= Beginning of Section =
(* In Mahi-Mahi with wave length $w=4$: for every round $r$, there exists a block $b$ of round $r$ that has at least $2f+1$ certificates in round $r+3$.
   Context: There are $n=3f+1$ validators, at most $f$ Byzantine; every honest validator creates exactly one block in every round. Every valid block of round $r$ has as parents at least $2f+1$ blocks of round $r-1$ from distinct validators. A block $b$ of round $r'$ is a vote for a block $L$ of round $r<r'$ with author $a$ if the first block with author $a$ and round $r$ encountered in the deterministic depth-first search from $b$ along parent references is $L$. With wave length $4$, a block $c$ of round $r+3$ is a certificate for a block $L$ of round $r$ if at least $2f+1$ of $c$'s parents (blocks of round $r+2$) are votes for $L$. *)

theory Defs
  imports Main
begin

text \<open>Since every parent of a block of round k has round k-1,
a search depth of (round b) explores the whole causal history of b.\<close>

fun dfs :: "('b \<Rightarrow> 'b list) \<Rightarrow> nat \<Rightarrow> 'b \<Rightarrow> 'b list" where
  "dfs parents 0 b = [b]"
| "dfs parents (Suc k) b = b # concat (map (dfs parents k) (parents b))"

definition is_vote ::
  "('b \<Rightarrow> 'v) \<Rightarrow> ('b \<Rightarrow> nat) \<Rightarrow> ('b \<Rightarrow> 'b list) \<Rightarrow> 'b \<Rightarrow> 'b \<Rightarrow> bool" where
  "is_vote author round parents b L \<longleftrightarrow>
     round L < round b \<and>
     find (\<lambda>x. author x = author L \<and> round x = round L) (dfs parents (round b) b) = Some L"

text \<open>Wave length 4: c (of round r+3) is a certificate for L (of round r) if at least
2f+1 of c's parents (blocks of round r+2) are votes for L.\<close>
definition is_certificate ::
  "nat \<Rightarrow> ('b \<Rightarrow> 'v) \<Rightarrow> ('b \<Rightarrow> nat) \<Rightarrow> ('b \<Rightarrow> 'b list) \<Rightarrow> 'b \<Rightarrow> 'b \<Rightarrow> bool" where
  "is_certificate f author round parents L c \<longleftrightarrow>
     round c = round L + 3 \<and>
     2 * f + 1 \<le> card {p \<in> set (parents c). round p = round L + 2 \<and> is_vote author round parents p L}"

definition valid_dag ::
  "nat \<Rightarrow> 'v set \<Rightarrow> 'v set \<Rightarrow> 'b set \<Rightarrow> ('b \<Rightarrow> 'v) \<Rightarrow> ('b \<Rightarrow> nat) \<Rightarrow> ('b \<Rightarrow> 'b list) \<Rightarrow> bool" where
  "valid_dag f V Byz B author round parents \<longleftrightarrow>
     finite V \<and> card V = 3 * f + 1 \<and> Byz \<subseteq> V \<and> card Byz \<le> f \<and>
     (\<forall>v \<in> V - Byz. \<forall>r. \<exists>!b. b \<in> B \<and> author b = v \<and> round b = r) \<and>
     (\<forall>b \<in> B. author b \<in> V) \<and>
     (\<forall>b \<in> B. set (parents b) \<subseteq> B) \<and>
     (\<forall>b \<in> B. \<forall>p \<in> set (parents b). round p + 1 = round b) \<and>
     (\<forall>b \<in> B. 0 < round b \<longrightarrow> 2 * f + 1 \<le> card (author ` set (parents b)))"

end

theory Submission
  imports Defs
begin

text \<open>Every honest block of round r+1 has at least f+1 honest round-r blocks among its parents,
so by double counting some honest block b of round r is a parent of the round-(r+1) blocks of a
set Q of at least f+1 honest validators. Since every block of round r+2 has parents from 2f+1
distinct validators, one of these parents is the block of a member of Q, so b is a grandparent
of every block of round r+2. The author of b is honest and has no other block of round r, hence
b is the block the depth-first search finds: every block of round r+2 votes for b, and so every
block of round r+3 is a certificate for b. There are at least 2f+1 blocks of round r+3, for
instance the parents of any honest block of round r+4.\<close>

lemma find_eq_Some_if_unique:
  assumes "b \<in> set xs" "P b" "\<And>x. x \<in> set xs \<Longrightarrow> P x \<Longrightarrow> x = b"
  shows "find P xs = Some b"
  using assms
proof (induction xs)
  case (Cons x xs)
  show ?case
  proof (cases "P x")
    case True
    then show ?thesis
      using Cons.prems(3) by simp
  next
    case False
    then show ?thesis
      using Cons by (metis find.simps(2) list.set_intros(2) set_ConsD)
  qed
qed simp

lemma ex_in_degree_gt:
  fixes k :: nat
  assumes "finite H" "H \<noteq> {}" "\<And>u. u \<in> H \<Longrightarrow> k < card {v \<in> H. R u v}"
  shows "\<exists>v \<in> H. k < card {u \<in> H. R u v}"
proof (rule ccontr)
  assume "\<not> ?thesis"
  then have in_degree_le: "card {u \<in> H. R u v} \<le> k" if "v \<in> H" for v
    using that by auto
  have "(\<Sum>u \<in> H. k) < (\<Sum>u \<in> H. card {v \<in> H. R u v})"
    using assms by (intro sum_strict_mono) auto
  also have "\<dots> = (\<Sum>v \<in> H. card {u \<in> H. R u v})"
    using assms(1) by (intro sum_multicount_gen) auto
  also have "\<dots> \<le> (\<Sum>v \<in> H. k)"
    using in_degree_le by (intro sum_mono)
  finally show False by simp
qed

lemma self_in_dfs: "b \<in> set (dfs parents k b)"
  by (cases k) auto

lemma grandparent_in_dfs:
  "x \<in> set (parents b) \<Longrightarrow> y \<in> set (parents x) \<Longrightarrow> y \<in> set (dfs parents (Suc (Suc k)) b)"
  using self_in_dfs[of y parents k] by auto

lemma set_dfs_subset:
  "(\<And>b. b \<in> B \<Longrightarrow> set (parents b) \<subseteq> B) \<Longrightarrow> b \<in> B \<Longrightarrow> set (dfs parents k b) \<subseteq> B"
  by (induction k arbitrary: b) auto

locale block_dag =
  fixes f :: nat and V Byz :: "'v set" and B :: "'b set"
    and author :: "'b \<Rightarrow> 'v" and round :: "'b \<Rightarrow> nat" and parents :: "'b \<Rightarrow> 'b list"
  assumes finite_V: "finite V"
    and card_V: "card V = 3 * f + 1"
    and Byz_subset: "Byz \<subseteq> V"
    and card_Byz: "card Byz \<le> f"
    and honest_block_unique: "v \<in> V - Byz \<Longrightarrow> \<exists>!b. b \<in> B \<and> author b = v \<and> round b = k"
    and author_in_V: "b \<in> B \<Longrightarrow> author b \<in> V"
    and parents_in_B: "b \<in> B \<Longrightarrow> set (parents b) \<subseteq> B"
    and round_parent: "b \<in> B \<Longrightarrow> p \<in> set (parents b) \<Longrightarrow> round p + 1 = round b"
    and card_parent_authors: "b \<in> B \<Longrightarrow> 0 < round b \<Longrightarrow> 2 * f + 1 \<le> card (author ` set (parents b))"

lemma block_dag_if_valid_dag:
  "valid_dag f V Byz B author round parents \<Longrightarrow> block_dag f V Byz B author round parents"
  unfolding valid_dag_def by unfold_locales blast+

context block_dag
begin

abbreviation honest :: "'v set" where
  "honest \<equiv> V - Byz"

lemma card_honest: "card honest + card Byz = 3 * f + 1"
  using card_Diff_subset[OF finite_subset[OF Byz_subset finite_V] Byz_subset]
    card_mono[OF finite_V Byz_subset] card_V
  by simp

definition block_of :: "nat \<Rightarrow> 'v \<Rightarrow> 'b" where
  "block_of k v = (THE b. b \<in> B \<and> author b = v \<and> round b = k)"

lemma block_of:
  "v \<in> honest \<Longrightarrow> block_of k v \<in> B \<and> author (block_of k v) = v \<and> round (block_of k v) = k"
  unfolding block_of_def by (rule theI'[OF honest_block_unique])

lemma eq_block_of:
  "v \<in> honest \<Longrightarrow> b \<in> B \<Longrightarrow> author b = v \<Longrightarrow> round b = k \<Longrightarrow> b = block_of k v"
  unfolding block_of_def by (rule the1_equality[symmetric, OF honest_block_unique]) auto

lemma block_of_in_parents:
  assumes "b \<in> B" "round b = Suc k" "v \<in> honest" "v \<in> author ` set (parents b)"
  shows "block_of k v \<in> set (parents b)"
proof -
  obtain p where p: "p \<in> set (parents b)" "author p = v"
    using assms(4) by blast
  have "p = block_of k v"
    using p assms parents_in_B round_parent[OF assms(1) p(1)] by (intro eq_block_of) auto
  then show ?thesis
    using p by simp
qed

lemma card_honest_minus_parent_authors:
  assumes "b \<in> B" "0 < round b"
  shows "card (honest - author ` set (parents b)) \<le> f"
proof -
  let ?A = "author ` set (parents b)"
  have "?A \<subseteq> (honest \<inter> ?A) \<union> Byz"
    using assms(1) author_in_V parents_in_B by blast
  then have "card ?A \<le> card ((honest \<inter> ?A) \<union> Byz)"
    using finite_V Byz_subset finite_subset by (intro card_mono) auto
  also have "\<dots> \<le> card (honest \<inter> ?A) + card Byz"
    by (rule card_Un_le)
  finally have "card ?A \<le> card (honest \<inter> ?A) + card Byz" .
  moreover have "card honest = card (honest \<inter> ?A) + card (honest - ?A)"
    using finite_V by (intro card_Int_Diff) simp
  ultimately show ?thesis
    using card_parent_authors[OF assms] card_honest by linarith
qed

lemma quorum_meets_parent_authors:
  assumes "Q \<subseteq> honest" "f < card Q" "b \<in> B" "0 < round b"
  shows "\<exists>v \<in> Q. v \<in> author ` set (parents b)"
proof (rule ccontr)
  assume "\<not> ?thesis"
  then have "Q \<subseteq> honest - author ` set (parents b)"
    using assms(1) by blast
  then have "card Q \<le> card (honest - author ` set (parents b))"
    using finite_V by (intro card_mono) auto
  also have "\<dots> \<le> f"
    using assms(3,4) by (rule card_honest_minus_parent_authors)
  finally show False
    using assms(2) by simp
qed

lemma card_honest_parents:
  assumes "b \<in> B" "round b = Suc k"
  shows "f < card {v \<in> honest. block_of k v \<in> set (parents b)}"
proof -
  let ?A = "author ` set (parents b)"
  have "honest \<inter> ?A \<subseteq> {v \<in> honest. block_of k v \<in> set (parents b)}"
    using block_of_in_parents[OF assms] by blast
  then have "card (honest \<inter> ?A) \<le> card {v \<in> honest. block_of k v \<in> set (parents b)}"
    using finite_V by (intro card_mono) auto
  moreover have "card honest = card (honest \<inter> ?A) + card (honest - ?A)"
    using finite_V by (intro card_Int_Diff) simp
  ultimately show ?thesis
    using card_honest_minus_parent_authors[of b] assms card_honest card_Byz by simp
qed

lemma honest_block_in_dfs_is_vote:
  assumes "v \<in> honest" "b \<in> B" "k < round b" "block_of k v \<in> set (dfs parents (round b) b)"
  shows "is_vote author round parents b (block_of k v)"
proof -
  have block: "author (block_of k v) = v" "round (block_of k v) = k"
    using block_of[OF assms(1)] by simp_all
  have unique: "x = block_of k v"
    if "x \<in> set (dfs parents (round b) b)" "author x = v \<and> round x = k" for x
    using that assms(1,2) set_dfs_subset[of B parents] parents_in_B by (intro eq_block_of) auto
  have "find (\<lambda>x. author x = v \<and> round x = k) (dfs parents (round b) b) = Some (block_of k v)"
    using assms(4) block unique by (intro find_eq_Some_if_unique) blast+
  then show ?thesis
    unfolding is_vote_def block using assms(3) by simp
qed

lemma certificate_if_all_parents_vote:
  assumes "c \<in> B" "round c = round L + 3"
    and "\<And>p. p \<in> set (parents c) \<Longrightarrow> is_vote author round parents p L"
  shows "is_certificate f author round parents L c"
proof -
  have "{p \<in> set (parents c). round p = round L + 2 \<and> is_vote author round parents p L}
        = set (parents c)"
    using assms round_parent by fastforce
  moreover have "2 * f + 1 \<le> card (set (parents c))"
    using card_parent_authors[of c] card_image_le[of "set (parents c)" author] assms(1,2) by simp
  ultimately show ?thesis
    unfolding is_certificate_def using assms(2) by simp
qed

lemma honest_nonempty: "honest \<noteq> {}"
proof -
  have "card honest \<noteq> 0"
    using card_honest card_Byz by linarith
  then show ?thesis
    by (metis card.empty)
qed

lemma block_voted_by_whole_round:
  "\<exists>b \<in> B. round b = r \<and> (\<forall>p \<in> B. round p = r + 2 \<longrightarrow> is_vote author round parents p b)"
proof -
  obtain v where v: "v \<in> honest"
    and card_Q: "f < card {u \<in> honest. block_of r v \<in> set (parents (block_of (Suc r) u))}"
    using ex_in_degree_gt[of honest f "\<lambda>u v. block_of r v \<in> set (parents (block_of (Suc r) u))"]
      finite_V honest_nonempty block_of card_honest_parents by auto
  let ?b = "block_of r v"
  have "is_vote author round parents p ?b" if p: "p \<in> B" "round p = r + 2" for p
  proof -
    obtain u where u: "u \<in> honest" "?b \<in> set (parents (block_of (Suc r) u))"
      "u \<in> author ` set (parents p)"
      using quorum_meets_parent_authors[OF _ card_Q p(1)] p(2) by auto
    then have "block_of (Suc r) u \<in> set (parents p)"
      using p by (intro block_of_in_parents) auto
    then have "?b \<in> set (dfs parents (round p) p)"
      using u(2) p(2) grandparent_in_dfs by simp
    then show ?thesis
      using v p by (intro honest_block_in_dfs_is_vote) auto
  qed
  then show ?thesis
    using block_of[OF v] by blast
qed

lemma many_blocks_in_round: "\<exists>C. C \<subseteq> {c \<in> B. round c = k} \<and> finite C \<and> 2 * f + 1 \<le> card C"
proof -
  obtain w where w: "w \<in> honest"
    using honest_nonempty by blast
  let ?b = "block_of (Suc k) w"
  have "set (parents ?b) \<subseteq> {c \<in> B. round c = k}"
    using block_of[OF w] parents_in_B round_parent by fastforce
  moreover have "2 * f + 1 \<le> card (set (parents ?b))"
    using card_parent_authors[of ?b] card_image_le[of "set (parents ?b)" author] block_of[OF w]
    by fastforce
  ultimately show ?thesis
    by blast
qed

lemma block_certified_by_whole_round:
  "\<exists>b \<in> B. round b = r \<and> (\<forall>c \<in> B. round c = r + 3 \<longrightarrow> is_certificate f author round parents b c)"
proof -
  obtain b where b: "b \<in> B" "round b = r"
    and votes: "\<And>p. p \<in> B \<Longrightarrow> round p = r + 2 \<Longrightarrow> is_vote author round parents p b"
    using block_voted_by_whole_round by blast
  have "is_certificate f author round parents b c" if c: "c \<in> B" "round c = r + 3" for c
  proof (rule certificate_if_all_parents_vote)
    show "c \<in> B" "round c = round b + 3"
      using c b(2) by auto
    fix p
    assume "p \<in> set (parents c)"
    then show "is_vote author round parents p b"
      using c parents_in_B round_parent[OF c(1)] by (intro votes) auto
  qed
  then show ?thesis
    using b by blast
qed

end

theorem lemma15:
  fixes f :: nat and V Byz :: "'v set" and B :: "'b set"
    and author :: "'b \<Rightarrow> 'v" and round :: "'b \<Rightarrow> nat" and parents :: "'b \<Rightarrow> 'b list"
  assumes "valid_dag f V Byz B author round parents"
  shows "\<forall>r. \<exists>b \<in> B. round b = r \<and>
           (\<exists>C. C \<subseteq> {c \<in> B. is_certificate f author round parents b c} \<and>
                finite C \<and> 2 * f + 1 \<le> card C)"
proof
  fix r
  interpret block_dag f V Byz B author round parents
    using assms by (rule block_dag_if_valid_dag)
  obtain b where "b \<in> B" "round b = r"
    and "\<forall>c \<in> B. round c = r + 3 \<longrightarrow> is_certificate f author round parents b c"
    using block_certified_by_whole_round by blast
  moreover obtain C where "C \<subseteq> {c \<in> B. round c = r + 3}" "finite C" "2 * f + 1 \<le> card C"
    using many_blocks_in_round by blast
  ultimately show "\<exists>b \<in> B. round b = r \<and>
           (\<exists>C. C \<subseteq> {c \<in> B. is_certificate f author round parents b c} \<and>
                finite C \<and> 2 * f + 1 \<le> card C)"
    by blast
qed

end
= End of Section =
Task directions:
Show all lines from the records above where the word "linarith" occurs.

Answer space:
    using card_parent_authors[OF assms] card_honest by linarith
    using card_honest card_Byz by linarith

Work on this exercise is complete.